1. Gates is not a scholar of the slave trade, there are hundreds scholarly books about the slave trade and Gates is not considered to be one of them scholars. Lovejoy, Spears, Thornton, Gaston Martin, Peytraud, Patterson, Inikori etc, etc. You can have contempt for africans but at least do a serious study (Gates is a joke, I personally don't have any of his books..) before uttering such nonsense. Indians were enslaved in the new world and sold in europe ( Dover Uk, Spain, Portugal) and Africa (Capo Verde, Angola). I would call a fool, anybody who says that they sold each others to the French, English, Spanish or Portuguese because the primary sources are there to prove that Europeans forces were behind that ( Allan Gallay, Barbara Olexer, Lauber etc).

Being honest I haven't even looked at that video ? GATES scholar of the slave trade ???

2. You are in Denial, Richard Konetzke has documented all the spanish racist laws against mestizos and mulattoes. Deive's book wipes out all your lies anyway. Or you have also Lewis Hanke books...
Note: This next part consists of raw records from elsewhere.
(* Let $\Sigma$ be a graded alphabet and $t\in T_\Sigma$. Then the sequential subtree automaton $\mathrm{seq}(A_t)$ is isomorphic to the quotient $(A_t)_{\sim_\mathrm{h}}$ of the subtree automaton $A_t$ by the relation $\sim_\mathrm{h}$.
   Context: A graded alphabet is a finite set $\Sigma=\bigcup_{k\in\mathbb{N}}\Sigma_k$; $T_\Sigma$ is the set of trees $f(t_1,\ldots,t_k)$ with $f\in\Sigma_k$. Weights are in $(\mathbb{N},+)$. A RWTA is $A=(\Sigma,Q,\nu,\delta)$ with $Q$ finite, $\nu:Q\to\mathbb{N}$, $\delta\subseteq\bigcup_k Q\times\Sigma_k\times Q^k$; $\delta(f,q_1,\ldots,q_k)=\{q\mid(q,f,q_1,\ldots,q_k)\in\delta\}$. A morphism from $A_1=(\Sigma,Q_1,\nu_1,\delta_1)$ to $A_2=(\Gamma,Q_2,\nu_2,\delta_2)$ is a map $\mu$ sending states of $A_1$ to states of $A_2$ and symbols of $\Sigma_k$ to symbols of $\Gamma_k$, such that $(\mu(q),\mu(f),\mu(q_1),\ldots,\mu(q_k))\in\delta_2$ whenever $(q,f,q_1,\ldots,q_k)\in\delta_1$, and $\nu_2(\mu(q))=\nu_1(q)$ for all $q\in Q_1$; it is an isomorphism if it has an inverse $\mu^{-1}$ which is a morphism from $A_2$ to $A_1$. For $t=f(t_1,\ldots,t_k)$, $\mathrm{SubTree}(t)=\{t\}\cup\bigcup_j\mathrm{SubTree}(t_j)$ and $\mathrm{SubTreeSeries}_t=t+\sum_j\mathrm{SubTreeSeries}_{t_j}$ ($\mathrm{SubTreeSeries}_t(s)$ is the number of nodes of $t$ whose subtree equals $s$). The tree $t^\sharp$ is obtained from $t$ by indexing each symbol occurrence with its position in a preorder traversal (indexed symbols are distinct and keep their arity); $\Sigma_{t^\sharp}$ is the set of indexed symbols; $\mathrm{h}$ erases indices. The subtree automaton $A_t=(\Sigma,Q,\nu,\delta)$ has $Q=\mathrm{SubTree}(t^\sharp)$, $\nu\equiv1$, and for $f\in\Sigma_{t^\sharp}$ of arity $k$: $t_{k+1}\in\delta(\mathrm{h}(f),t_1,\ldots,t_k)$ iff $t_{k+1}=f(t_1,\ldots,t_k)$. The relation $\sim_\mathrm{h}$ on $Q$ is $r_1\sim_\mathrm{h}r_2\iff\mathrm{h}(r_1)=\mathrm{h}(r_2)$. The quotient of a RWTA $(\Sigma,Q,\nu,\delta)$ by an equivalence $\sim$ on $Q$ is $(\Sigma,Q_\sim,\nu',\delta')$ with $Q_\sim$ the set of classes, $\nu'(C)=\sum_{q\in C}\nu(q)$, and $C_{k+1}\in\delta'(f,C_1,\ldots,C_k)$ iff there are $q_i\in C_i$ with $q_{k+1}\in\delta(f,q_1,\ldots,q_k)$. The sequential subtree automaton is $\mathrm{seq}(A_t)=(\Sigma,\mathrm{SubTree}(t),\nu'',\delta'')$ with $\nu''(t')=\mathrm{SubTreeSeries}_t(t')$ and, for $f\in\Sigma_k$, $t_{k+1}\in\delta''(f,t_1,\ldots,t_k)$ iff $t_{k+1}=f(t_1,\ldots,t_k)$. *)

theory Defs
  imports Main
begin

text \<open>Ranked trees. A graded alphabet is a finite set of pairs (symbol, arity):
  f is in Sigma_k iff (f,k) is in the alphabet.\<close>

datatype 'f tree = Node 'f "'f tree list"

fun wf_tree :: "('f \<times> nat) set \<Rightarrow> 'f tree \<Rightarrow> bool" where
  "wf_tree Sig (Node f ts) = ((f, length ts) \<in> Sig \<and> (\<forall>u\<in>set ts. wf_tree Sig u))"

fun subtrees :: "'f tree \<Rightarrow> 'f tree set" where
  "subtrees (Node f ts) = insert (Node f ts) (\<Union>u\<in>set ts. subtrees u)"

fun subtree_series :: "'f tree \<Rightarrow> 'f tree \<Rightarrow> nat" where
  "subtree_series (Node f ts) s =
     (if Node f ts = s then 1 else 0) + sum_list (map (\<lambda>u. subtree_series u s) ts)"

fun nodes :: "'f tree \<Rightarrow> nat" where
  "nodes (Node f ts) = Suc (sum_list (map nodes ts))"

fun index_tree :: "nat \<Rightarrow> 'f tree \<Rightarrow> ('f \<times> nat) tree"
and index_list :: "nat \<Rightarrow> 'f tree list \<Rightarrow> ('f \<times> nat) tree list" where
  "index_tree n (Node f ts) = Node (f, n) (index_list (Suc n) ts)"
| "index_list n [] = []"
| "index_list n (u # us) = index_tree n u # index_list (n + nodes u) us"

definition sharp :: "'f tree \<Rightarrow> ('f \<times> nat) tree" where
  "sharp t = index_tree 0 t"

fun symbols :: "'f tree \<Rightarrow> ('f \<times> nat) set" where
  "symbols (Node f ts) = insert (f, length ts) (\<Union>u\<in>set ts. symbols u)"

definition h :: "('f \<times> nat) tree \<Rightarrow> 'f tree" where
  "h r = map_tree fst r"

record ('s, 'q) rwta =
  alph :: "('s \<times> nat) set"
  states :: "'q set"
  weight :: "'q \<Rightarrow> nat"
  trans :: "('q \<times> 's \<times> 'q list) set"

definition morphism ::
  "('s, 'q) rwta \<Rightarrow> ('g, 'p) rwta \<Rightarrow> ('q \<Rightarrow> 'p) \<Rightarrow> ('s \<Rightarrow> 'g) \<Rightarrow> bool" where
  "morphism A1 A2 muQ muS \<longleftrightarrow>
     (\<forall>q\<in>states A1. muQ q \<in> states A2) \<and>
     (\<forall>(f, k)\<in>alph A1. (muS f, k) \<in> alph A2) \<and>
     (\<forall>(q, f, qs)\<in>trans A1. (muQ q, muS f, map muQ qs) \<in> trans A2) \<and>
     (\<forall>q\<in>states A1. weight A2 (muQ q) = weight A1 q)"

definition isomorphism ::
  "('s, 'q) rwta \<Rightarrow> ('g, 'p) rwta \<Rightarrow> ('q \<Rightarrow> 'p) \<Rightarrow> ('s \<Rightarrow> 'g) \<Rightarrow> bool" where
  "isomorphism A1 A2 muQ muS \<longleftrightarrow>
     morphism A1 A2 muQ muS \<and>
     (\<exists>nuQ nuS. morphism A2 A1 nuQ nuS \<and>
        (\<forall>q\<in>states A1. nuQ (muQ q) = q) \<and> (\<forall>p\<in>states A2. muQ (nuQ p) = p) \<and>
        (\<forall>f\<in>fst ` alph A1. nuS (muS f) = f) \<and> (\<forall>g\<in>fst ` alph A2. muS (nuS g) = g))"

definition isomorphic :: "('s, 'q) rwta \<Rightarrow> ('g, 'p) rwta \<Rightarrow> bool" where
  "isomorphic A1 A2 \<longleftrightarrow> (\<exists>muQ muS. isomorphism A1 A2 muQ muS)"

definition subtree_aut :: "('f \<times> nat) set \<Rightarrow> 'f tree \<Rightarrow> ('f, ('f \<times> nat) tree) rwta" where
  "subtree_aut Sig t =
     \<lparr> alph = Sig,
       states = subtrees (sharp t),
       weight = (\<lambda>_. 1),
       trans = {(s, fst f, ts) | s f ts.
                  (f, length ts) \<in> symbols (sharp t) \<and>
                  s \<in> subtrees (sharp t) \<and> set ts \<subseteq> subtrees (sharp t) \<and>
                  s = Node f ts} \<rparr>"

definition sim_h :: "('f \<times> nat) tree set \<Rightarrow> (('f \<times> nat) tree \<times> ('f \<times> nat) tree) set" where
  "sim_h Q = {(r1, r2). r1 \<in> Q \<and> r2 \<in> Q \<and> h r1 = h r2}"

definition quotient_aut :: "('s, 'q) rwta \<Rightarrow> ('q \<times> 'q) set \<Rightarrow> ('s, 'q set) rwta" where
  "quotient_aut A R =
     \<lparr> alph = alph A,
       states = states A // R,
       weight = (\<lambda>C. \<Sum>q\<in>C. weight A q),
       trans = {(C, f, Cs) | C f Cs.
                  C \<in> states A // R \<and> set Cs \<subseteq> states A // R \<and>
                  (\<exists>q qs. q \<in> C \<and> list_all2 (\<in>) qs Cs \<and> (q, f, qs) \<in> trans A)} \<rparr>"

definition seq_aut :: "('f \<times> nat) set \<Rightarrow> 'f tree \<Rightarrow> ('f, 'f tree) rwta" where
  "seq_aut Sig t =
     \<lparr> alph = Sig,
       states = subtrees t,
       weight = subtree_series t,
       trans = {(s, f, ts) | s f ts.
                  (f, length ts) \<in> Sig \<and>
                  s \<in> subtrees t \<and> set ts \<subseteq> subtrees t \<and>
                  s = Node f ts} \<rparr>"

end

theory Submission
  imports Defs "HOL-Library.Multiset"
begin

text \<open>Erasing indices maps the subtrees of t\<sharp> onto those of t, and two states of A_t are
  \<sim>_h-equivalent exactly when they have the same erasure; so the \<sim>_h-classes are the fibres of h
  over SubTree(t), and both automata have "the same" transitions. For the weights: every node of
  t\<sharp> carries its own index, so each indexed subtree occurs exactly once in t\<sharp>, and the
  fibre over s has as many elements as t has nodes with subtree s.\<close>

fun subtree_mset :: "'a tree \<Rightarrow> 'a tree multiset" where
  "subtree_mset (Node f ts) = add_mset (Node f ts) (\<Sum>u\<leftarrow>ts. subtree_mset u)"

fun root :: "'a tree \<Rightarrow> 'a" where
  "root (Node a ts) = a"

lemma count_sum_list: "count (\<Sum>x\<leftarrow>xs. M x) y = (\<Sum>x\<leftarrow>xs. count (M x) y)"
  by (induction xs) auto

lemma image_mset_sum_list: "image_mset f (\<Sum>x\<leftarrow>xs. M x) = (\<Sum>x\<leftarrow>xs. image_mset f (M x))"
  by (induction xs) auto

lemma count_subtree_mset: "count (subtree_mset t) s = subtree_series t s"
  by (induction t) (auto simp: count_sum_list intro!: arg_cong[where f = sum_list])

lemma set_subtree_mset: "set_mset (subtree_mset t) = subtrees t"
  by (induction t) auto

lemma subtree_mset_map_tree: "subtree_mset (map_tree g t) = image_mset (map_tree g) (subtree_mset t)"
  by (induction t) (auto simp: image_mset_sum_list o_def intro!: arg_cong[where f = sum_list])

lemma subtrees_map_tree: "subtrees (map_tree g t) = map_tree g ` subtrees t"
  by (induction t) auto

lemma child_in_subtrees: "Node f ts \<in> subtrees t \<Longrightarrow> u \<in> set ts \<Longrightarrow> u \<in> subtrees t"
proof (induction t)
  case (Node g us)
  then show ?case by (cases u) fastforce
qed

lemma symbol_in_symbols: "Node f ts \<in> subtrees t \<Longrightarrow> (f, length ts) \<in> symbols t"
  by (induction t) auto

lemma wf_tree_subtree: "wf_tree Sig t \<Longrightarrow> s \<in> subtrees t \<Longrightarrow> wf_tree Sig s"
  by (induction t) auto

lemma h_eq_map_tree_fst: "h = map_tree fst"
  by (simp add: h_def fun_eq_iff)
3. About Dessalines and his motivation to attack santo domingo:

The first and only motivation was Ferrand's decree which allowed to kidnap slaves children (blacks and mulattoes) and you know it. The reason Dessalines and his Haitian fellows ( including mulattoes) , did all these mischieves (IT WAS WRONG) was Missiessy bombings and the resistance in Santo Domingo under French rule (their mortal enemies)..Dessalines never spoke about the color of the inhabitants of Santo Domingo as THE cause of his attack against them : (1) check his (Dessalines) warnings before the attack, and his declarations after the attack (2) and the journal of the military campaign of Santo domingo to be found in Distant (3). I am letting you posting you the complete documents (and not only some parts). And you won't find any reference to the skin tone of the inhabitants of spanish side of la hispaniola in these primary sources...If you don't find them I will post them.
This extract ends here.